Creating Maps Using Folium

You will now explore changes in CO2 emissions at a given location and time and visualize the outputs on a map using folium.

Fetch Imagery from Raster API

Here we get information from the Raster API, which we will add to our map in the next section.

# Specify two date/times that you would like to visualize, using the format of items_dict.keys()
dates = ["2021","2011"]

Below, we use some statistics of the raster data to set upper and lower limits for our color bar. These are saved as the rescale_values, and will be passed to the Raster API in the following step(s).
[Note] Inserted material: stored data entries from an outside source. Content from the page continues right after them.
(* Let $\phi\colon\mathbb{R}\to\mathbb{R}$ be an increasing homeomorphism with $\phi(0)=0$, $f\colon\mathbb{R}\to\mathbb{R}$ continuous, and $g\colon[0,T]\times\mathbb{R}\to\mathbb{R}$ a Carathéodory function such that there is $\rho\in L^1([0,T],\mathbb{R}^+)$ with $|g(t,u)|\le\rho(t)$ for a.e. $t\in[0,T]$ and all $u\in\mathbb{R}$. Consider, for $\bar u\in\mathbb{R}$ and $\lambda\in[0,1]$, the problem of finding $\tilde u\in\tilde{\mathfrak{D}}$ with $$(\phi(\tilde u'))'+f(\bar u+\tilde u)\tilde u'+\lambda g(t,\bar u+\tilde u)-\frac{\lambda}{T}\int_0^Tg(\xi,\bar u+\tilde u(\xi))\,d\xi=0\quad\text{a.e.}\qquad(\dagger_\lambda)$$ (a solution pair is $(\bar u,\tilde u)$). Then: (i) there exists $K=K(\phi,\rho)>0$ such that every solution pair $(\bar u,\tilde u)$ of $(\dagger_\lambda)$, $\lambda\in[0,1]$, satisfies $\|\tilde u'\|_{L^1}\le K$ and $\|\tilde u\|_\infty\le K$; (ii) for every $M>0$ there exists $M'=M'(\phi,f,\rho)>0$ such that every solution pair $(\bar u,\tilde u)$ of $(\dagger_1)$ with $|\bar u|\le M$ satisfies $\|\tilde u\|_{\mathcal{C}^1}\le M'$.
   Context: $\mathfrak{D}=\{u\in\mathcal{C}^1([0,T]):u(0)=u(T),\,u'(0)=u'(T),\ \phi(u')\text{ absolutely continuous}\}$ and $\tilde{\mathfrak{D}}=\{u\in\mathfrak{D}:\int_0^Tu(t)\,dt=0\}$. $\|u\|_{\mathcal{C}^1}=\|u\|_\infty+\|u'\|_\infty$. A Carathéodory function is measurable in $t$, continuous in $u$, and locally $L^1$-bounded in $u$. $\mathbb{R}^+$ denotes the nonnegative reals. *)

theory Defs
  imports "HOL-Analysis.Analysis"
begin

definition abs_continuous_on :: "real set \<Rightarrow> (real \<Rightarrow> real) \<Rightarrow> bool" where
  "abs_continuous_on S h \<longleftrightarrow>
     (\<forall>e>0. \<exists>d>0. \<forall>(n::nat) (a::nat \<Rightarrow> real) b.
        (\<forall>i<n. a i \<le> b i \<and> {a i..b i} \<subseteq> S) \<and>
        (\<forall>i<n. \<forall>j<n. i \<noteq> j \<longrightarrow> b i \<le> a j \<or> b j \<le> a i) \<and>
        (\<Sum>i<n. b i - a i) < d
        \<longrightarrow> (\<Sum>i<n. \<bar>h (b i) - h (a i)\<bar>) < e)"

definition incr_homeo :: "(real \<Rightarrow> real) \<Rightarrow> bool" where
  "incr_homeo \<phi> \<longleftrightarrow> strict_mono \<phi> \<and> (\<exists>\<psi>. homeomorphism UNIV UNIV \<phi> \<psi>)"
definition C0 :: "'v set set \<Rightarrow> ('g, 'b) monoid_scheme \<Rightarrow> ('v \<Rightarrow> 'g) set" where
  "C0 Y G = {g. \<forall>v. ({v} \<in> Y \<longrightarrow> g v \<in> carrier G) \<and> ({v} \<notin> Y \<longrightarrow> g v = \<one>\<^bsub>G\<^esub>)}"

definition C1 :: "'v set set \<Rightarrow> ('g, 'b) monoid_scheme \<Rightarrow> ('v \<times> 'v \<Rightarrow> 'g) set" where
  "C1 Y G = {f. \<forall>u v. (is_edge Y u v \<longrightarrow> f (u, v) \<in> carrier G \<and> f (v, u) = inv\<^bsub>G\<^esub> (f (u, v)))
                   \<and> (\<not> is_edge Y u v \<longrightarrow> f (u, v) = \<one>\<^bsub>G\<^esub>)}"

definition d0 :: "'v set set \<Rightarrow> ('g, 'b) monoid_scheme \<Rightarrow> ('v \<Rightarrow> 'g) \<Rightarrow> ('v \<times> 'v \<Rightarrow> 'g)" where
  "d0 Y G g = (\<lambda>(u, v). if is_edge Y u v then g u \<otimes>\<^bsub>G\<^esub> inv\<^bsub>G\<^esub> (g v) else \<one>\<^bsub>G\<^esub>)"

definition d1 :: "'v set set \<Rightarrow> ('g, 'b) monoid_scheme \<Rightarrow> ('v \<times> 'v \<Rightarrow> 'g) \<Rightarrow> ('v \<times> 'v \<times> 'v \<Rightarrow> 'g)" where
  "d1 Y G f = (\<lambda>(u, v, w). if is_tri Y u v w
       then f (u, v) \<otimes>\<^bsub>G\<^esub> f (v, w) \<otimes>\<^bsub>G\<^esub> f (w, u) else \<one>\<^bsub>G\<^esub>)"

definition B0 :: "'v set set \<Rightarrow> ('g, 'b) monoid_scheme \<Rightarrow> ('v \<Rightarrow> 'g) set" where
  "B0 Y G = {g \<in> C0 Y G. \<exists>c \<in> carrier G. \<forall>v. {v} \<in> Y \<longrightarrow> g v = c}"

definition B1 :: "'v set set \<Rightarrow> ('g, 'b) monoid_scheme \<Rightarrow> ('v \<times> 'v \<Rightarrow> 'g) set" where
  "B1 Y G = d0 Y G ` C0 Y G"

definition Z1 :: "'v set set \<Rightarrow> ('g, 'b) monoid_scheme \<Rightarrow> ('v \<times> 'v \<Rightarrow> 'g) set" where
  "Z1 Y G = {f \<in> C1 Y G. \<forall>u v w. is_tri Y u v w \<longrightarrow> d1 Y G f (u, v, w) = \<one>\<^bsub>G\<^esub>}"

definition supp0 :: "'v set set \<Rightarrow> ('g, 'b) monoid_scheme \<Rightarrow> ('v \<Rightarrow> 'g) \<Rightarrow> 'v set set" where
  "supp0 Y G g = {{v} | v. {v} \<in> Y \<and> g v \<noteq> \<one>\<^bsub>G\<^esub>}"

definition supp1 :: "'v set set \<Rightarrow> ('g, 'b) monoid_scheme \<Rightarrow> ('v \<times> 'v \<Rightarrow> 'g) \<Rightarrow> 'v set set" where
  "supp1 Y G f = {{u, v} | u v. is_edge Y u v \<and> f (u, v) \<noteq> \<one>\<^bsub>G\<^esub>}"

definition supp2 :: "'v set set \<Rightarrow> ('g, 'b) monoid_scheme \<Rightarrow> ('v \<times> 'v \<times> 'v \<Rightarrow> 'g) \<Rightarrow> 'v set set" where
  "supp2 Y G h = {{u, v, w} | u v w. is_tri Y u v w \<and> h (u, v, w) \<noteq> \<one>\<^bsub>G\<^esub>}"

definition dist0 :: "'v set set \<Rightarrow> nat \<Rightarrow> ('g, 'b) monoid_scheme \<Rightarrow> ('v \<Rightarrow> 'g) \<Rightarrow> ('v \<Rightarrow> 'g) set \<Rightarrow> real" where
  "dist0 Y D G g S = Inf ((\<lambda>h. cnorm Y D (supp0 Y G (\<lambda>v. g v \<otimes>\<^bsub>G\<^esub> inv\<^bsub>G\<^esub> (h v)))) ` S)"

definition dist1 :: "'v set set \<Rightarrow> nat \<Rightarrow> ('g, 'b) monoid_scheme \<Rightarrow> ('v \<times> 'v \<Rightarrow> 'g) \<Rightarrow> ('v \<times> 'v \<Rightarrow> 'g) set \<Rightarrow> real" where
  "dist1 Y D G f S = Inf ((\<lambda>h. cnorm Y D (supp1 Y G (\<lambda>e. f e \<otimes>\<^bsub>G\<^esub> inv\<^bsub>G\<^esub> (h e)))) ` S)"

text \<open>h_0(Y;G) \<ge> \<gamma> and h_1(Y;G) \<ge> \<gamma> (Y pure of dimension D), i.e. every ratio in the minimum
  defining h_i is at least \<gamma> (denominators are positive off B^i).\<close>
definition h0_ge :: "'v set set \<Rightarrow> nat \<Rightarrow> ('g, 'b) monoid_scheme \<Rightarrow> real \<Rightarrow> bool" where
  "h0_ge Y D G \<gamma> \<longleftrightarrow> (\<forall>g \<in> C0 Y G. g \<notin> B0 Y G \<longrightarrow>
      cnorm Y D (supp1 Y G (d0 Y G g)) / dist0 Y D G g (B0 Y G) \<ge> \<gamma>)"

definition h1_ge :: "'v set set \<Rightarrow> nat \<Rightarrow> ('g, 'b) monoid_scheme \<Rightarrow> real \<Rightarrow> bool" where
  "h1_ge Y D G \<gamma> \<longleftrightarrow> (\<forall>f \<in> C1 Y G. f \<notin> B1 Y G \<longrightarrow>
      cnorm Y D (supp2 Y G (d1 Y G f)) / dist1 Y D G f (B1 Y G) \<ge> \<gamma>)"

text \<open>\<gamma>-coboundary expander: for every face \<sigma> of dimension < d-2 (including the empty face),
  i.e. |\<sigma>| - 1 < d - 2, the link X_\<sigma> (pure of dimension d - |\<sigma>|) has h_0, h_1 \<ge> \<gamma>.\<close>
definition coboundary_expander :: "'v set set \<Rightarrow> nat \<Rightarrow> ('g, 'b) monoid_scheme \<Rightarrow> real \<Rightarrow> bool" where
  "coboundary_expander X d G \<gamma> \<longleftrightarrow> (\<forall>\<sigma> \<in> X. int (card \<sigma>) - 1 < int d - 2 \<longrightarrow>
      h0_ge (link X \<sigma>) (d - card \<sigma>) G \<gamma> \<and> h1_ge (link X \<sigma>) (d - card \<sigma>) G \<gamma>)"

definition rep_complex :: "'v set set \<Rightarrow> nat \<Rightarrow> nat \<Rightarrow> 'v set set set" where
  "rep_complex X d k = {{}} \<union> {{s} | s. s \<in> faces X k} \<union>
     {S. \<exists>i. 1 \<le> i \<and> i \<le> d - k \<and> card S = i + 1 \<and> S \<subseteq> faces X k \<and>
          \<Union>S \<in> faces X (i + k) \<and> card (\<Inter>S) = k}"

end

theory Submission
  imports Defs
begin

text \<open>
  A face of \<open>R\<^sub>k(X)\<close> with at least two vertices is \<open>{\<tau> \<union> {u} | u \<in> A}\<close>, where
  \<open>\<tau>\<close> (the common intersection) is a \<open>(k-1)\<close>-face of \<open>X\<close> and \<open>A\<close> is a face of the link
  \<open>X\<^sub>\<tau>\<close>. So the edges and triangles of \<open>R\<^sub>k(X)\<close> split into the edges and triangles of
  the links, and the weights of \<open>R\<^sub>k(X)\<close> restrict to those of \<open>X\<^sub>\<tau>\<close> up to the factor
  \<open>|X\<^sub>\<tau>(d-k)| / |R\<^sub>k(X)(d-k)|\<close>: every norm on \<open>R\<^sub>k(X)\<close> is a weighted sum of norms on
  the links.

  Given \<open>f\<close>, restrict it to every link \<open>X\<^sub>\<tau>\<close>. Since \<open>B\<^sup>1 \<subseteq> Z\<^sup>1\<close>, coboundary expansion of
  \<open>X\<^sub>\<tau>\<close> yields a cocycle \<open>h\<^sub>\<tau>\<close> on the link with \<open>\<gamma> \<parallel>f\<^sub>\<tau> h\<^sub>\<tau>\<^sup>-\<^sup>1\<parallel> \<le> \<parallel>d f\<^sub>\<tau>\<parallel>\<close>. As every edge and
  every triangle of \<open>R\<^sub>k(X)\<close> lies in exactly one link, the \<open>h\<^sub>\<tau>\<close> glue to a cocycle on
  \<open>R\<^sub>k(X)\<close>, and summing the local inequalities gives the global one. If \<open>d - k = 1\<close>,
  \<open>R\<^sub>k(X)\<close> has no triangles and every 1-cochain is a cocycle.
\<close>

lemma two_le_cardE:
  assumes "2 \<le> card A"
  obtains u v where "u \<in> A" "v \<in> A" "u \<noteq> v"
proof -
  obtain B where "B \<subseteq> A" "card B = 2"
    using obtain_subset_with_card_n[OF assms] by blast
  then obtain u v where "B = {u, v}" "u \<noteq> v"
    by (auto simp: card_2_iff)
  with \<open>B \<subseteq> A\<close> show ?thesis
    by (intro that[of u v]) auto
qed

lemma subset_card_SucE:
  assumes "finite s" "\<tau> \<subseteq> s" "card s = Suc (card \<tau>)"
  obtains x where "x \<notin> \<tau>" "s = insert x \<tau>"
proof -
  have "card (s - \<tau>) = 1"
    using assms by (simp add: card_Diff_subset finite_subset)
  then obtain x where "s - \<tau> = {x}"
    by (auto simp: card_1_singleton_iff)
  then show ?thesis
    using that assms(2) by blast
qed

section \<open>Cochains, distances and cocycle expansion\<close>

lemma simplicial_complex_subset_closed:
  "simplicial_complex X \<Longrightarrow> s \<in> X \<Longrightarrow> t \<subseteq> s \<Longrightarrow> t \<in> X"
  by (auto simp: simplicial_complex_def)

lemma simplicial_complex_finite: "simplicial_complex X \<Longrightarrow> finite X"
  by (simp add: simplicial_complex_def)

lemma finite_faces: "simplicial_complex X \<Longrightarrow> finite (faces X i)"
  by (simp add: faces_def simplicial_complex_finite)

lemma simplicial_complex_finite_face: "simplicial_complex X \<Longrightarrow> s \<in> X \<Longrightarrow> finite s"
  by (simp add: simplicial_complex_def)

lemma cnorm_nonneg: "0 \<le> cnorm Y D A"
  unfolding cnorm_def weight_def by (simp add: sum_nonneg)

lemma is_edge_sym: "is_edge Y u v \<Longrightarrow> is_edge Y v u"
  by (auto simp: is_edge_def insert_commute)

lemma supp1_subset: "supp1 Y G f \<subseteq> Y"
  by (auto simp: supp1_def is_edge_def)

lemma finite_dist1_values:
  assumes "finite Y"
  shows "finite ((\<lambda>h. cnorm Y D (supp1 Y G (\<lambda>e. f e \<otimes>\<^bsub>G\<^esub> inv\<^bsub>G\<^esub> h e))) ` S)"
proof (rule finite_subset)
  show "(\<lambda>h. cnorm Y D (supp1 Y G (\<lambda>e. f e \<otimes>\<^bsub>G\<^esub> inv\<^bsub>G\<^esub> h e))) ` S \<subseteq> cnorm Y D ` Pow Y"
    using supp1_subset by blast
qed (use assms in simp)

lemma dist1_le:
  assumes "finite Y" "h \<in> S"
  shows "dist1 Y D G f S \<le> cnorm Y D (supp1 Y G (\<lambda>e. f e \<otimes>\<^bsub>G\<^esub> inv\<^bsub>G\<^esub> h e))"
  unfolding dist1_def
  using assms by (intro cInf_lower bdd_below_finite finite_dist1_values) auto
# Extract collection name and item ID for the first date
first_date = items_dict[dates[0]]
collection_id_1 = first_date.collection_id
item_id_1 = first_date.id

# Select relevant asset
object = first_date.assets[asset_name]
raster_bands = object.extra_fields.get("raster:bands", [{}])

# Print raster bands' information
raster_bands
[{'scale': 1.0,
  'nodata': -9999.0,
  'offset': 0.0,
  'sampling': 'area',
  'data_type': 'float32',
  'histogram': {'max': 272530.15625,
   'min': 1.7858106104995386e-07,
   'count': 11,
   'buckets': [227843, 81, 36, 7, 3, 6, 1, 4, 1, 1]},
  'statistics': {'mean': 162.91311194255712,
   'stddev': 2080.549384731812,
   'maximum': 272530.15625,
   'minimum': 1.7858106104995386e-07,
   'valid_percent': 47.7767485917382}}]
# Use statistics to generate an appropriate colorbar range
rescale_values = {
    "max": raster_bands[0]["statistics"]["mean"]+ 4.0*raster_bands[0]["statistics"]["stddev"],
    "min": 0.,
}

print(rescale_values)
{'max': 8485.110650869805, 'min': 0.0}

Now, you will pass the item id, collection name, asset name, and the rescale values to the Raster API endpoint, along with a colormap. This step is done twice, one for each date/time you will visualize, and tells the Raster API which collection, item, and asset you want to view, specifying the colormap and colorbar ranges to use for visualization. The API returns a JSON with information about the requested image. Each image will be referred to as a tile.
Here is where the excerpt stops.